Summer 2017 Nash Connors, P.C. Newsletter
As we enter the last month of summer, please enjoy our newsletter with a case law round-up from June and July. Here in Buffalo, we've had everything from floods to tornadoes recently -- hardly the typical Western New York summer! We hope that everyone enjoys their summer and we'll be back in the Fall with another newsletter.
News from Nash Connors, P.C. 

Jim Nash was sworn in for his third and final year as a Director of the Bar Association of Erie County.  He was elected to this position in 2015 and represents nearly 4,000 attorneys in the Western New York area.  Jim is also the liaison to the Appellate Practice and Federal Practice committees of the Bar Association.
Case Law Update

A spouse seeking to bring a derivative claim was permitted to serve a late Notice of Claim because the municipal defendant had actual knowledge of his wife's injury ( Darrin v County of Cattaraugus).

PRACTICE TIP: This was an interesting case because even the wife (the primary injured party) failed to file a timely Notice of Claim.  Nevertheless, the Appellate Division said that the most important thing to look for when deciding to allow a party to serve a late Notice of Claim is if the municipality had actual notice of the injury or damage (not necessarily notice of the accident itself).

MORE MUNICIPAL LIABILITY:  Plaintiff, who tripped over a protruding manhole cover near the entrance to a park, sought to amend her Complaint to allege that the municipal defendant created the defect.  The first Complaint alleged only failing to repair and warn of the condition.  Plaintiff cited General Municipal Law ยง 50-e(6), which "authorizes the correction of good faith, nonprejudicial, technical defects or omissions, not substantive changes in the theory of liability" as the basis for the late amendment.  The Appellate Division denied this amendment because the statute does not permit a party to assert a new theory of liability after the limitations period has expired ( Aleksandrova v City of New York). 

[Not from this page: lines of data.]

(* For every integer $n\ge 2$, the lattice $M_n$ is a Shannon lattice.
   Context: $M_n$ is the lattice consisting of a smallest element, a largest element, and $n-2$ pairwise incomparable elements lying strictly between them. Lattices have order $\supseteq$, meet $\cap$, join $\uplus$. A polymatroid function on a finite lattice $L$ is $h:L\to\mathbb{R}$ that is non-negative, increasing ($x\supseteq y\Rightarrow h(x)\ge h(y)$) and submodular ($h(x)+h(y)\ge h(x\uplus y)+h(x\cap y)$). $h$ is entropic if there exist jointly distributed discrete random variables $(X_x)_{x\in L}$ such that for all $x,y$ the variable $X_{x\uplus y}$ and the pair $(X_x,X_y)$ are functions of each other, and $h(x)=H(X_x)$ (Shannon entropy) for all $x$. $L$ is a Shannon lattice if the set of polymatroid functions on $L$ equals the closure in $\mathbb{R}^L$ of the set of entropic functions on $L$. *)

theory Defs
  imports "HOL-Probability.Probability"
begin

text \<open>The lattice M_n, n >= 2, on the carrier {0..<n}: element 0 is the least
  element, element 1 the greatest, and 2, ..., n-1 are the n-2 pairwise
  incomparable middle elements.\<close>

definition Mn_carrier :: "nat \<Rightarrow> nat set" where
  "Mn_carrier n = {0..<n}"

definition Mn_le :: "nat \<Rightarrow> nat \<Rightarrow> bool" where
  "Mn_le x y \<longleftrightarrow> x = y \<or> x = 0 \<or> y = 1"

definition Mn_join :: "nat \<Rightarrow> nat \<Rightarrow> nat" where
  "Mn_join x y = (if x = y then x else if x = 0 then y else if y = 0 then x else 1)"

definition Mn_meet :: "nat \<Rightarrow> nat \<Rightarrow> nat" where
  "Mn_meet x y = (if x = y then x else if x = 1 then y else if y = 1 then x else 0)"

Plaintiff was not entitled to summary judgment on negligence in a rear-end accident when defendant testified that plaintiff moved his vehicle into defendant's lane and slammed on his brakes moments before impact.  Further, defendant's guilty plea to a violation of Vehicle and Traffic Law 1129a (following too closely) is only some evidence of negligence and does not establish negligence per se ( Gardner v Chester).

PRACTICE TIP: Although there is a presumption of negligence in rear-end accidents, this presumption may be rebutted by showing that plaintiff partially caused his or her accident, such as stopping short or an improper lane merge.

  Plaintiff, against whom a No-Fault arbitration decided that an injury was not causally related by an accident, was collaterally estopped from claiming that same injury in a bodily injury lawsuit ( Rozewski v Trautman).

PRACTICE TIP: Collateral estoppel is the legal doctrine that prevents a party from re-litigating an issue a second time.  Typically a person must have a "full and fair" opportunity to argue an issue before they are precluded from litigating the same issue again.

Plaintiff was a passenger in a vehicle driven by Driver #1, who got into a one-vehicle accident.  Everyone exited the vehicle without any issues.  Plaintiff was then hit by a vehicle operated by Driver #2.  Driver #1 moved for summary judgment by arguing that his negligence was not a proximate cause of the second accident.  The Appellate Division agreed and said that Driver #1 did nothing more than furnish the occasion by which the second motor vehicle accident happened ( Serrano v Gilray, et al.).

You may also be interested in the companion action ( Sheehan v Gilray, et al.), which was a Dram Shop claim against the bar that sold alcohol to Driver #2.  The bar moved for summary judgment by arguing that Driver #2 was not visibly intoxicated when he was served the liquor.  Plaintiff established a question of fact on the visible intoxication issue by citing to the police officer's testimony that Driver #2 had bloodshot eyes, slurred speech and smelled of alcohol.  

  A property owner cross-claimed for breach of contract / failure to procure insurance against its tenant when the latter's insurance company failed to provide the property owner with coverage.  The trial court granted the property owner summary judgment.  The Appellate Division reversed and said that "the mere fact that the insurance carrier disclaimed coverage for the accident does not establish as a matter of law that [the tenant] failed to obtain the necessary coverage" ( Strong v St. Thomas Church, et al.).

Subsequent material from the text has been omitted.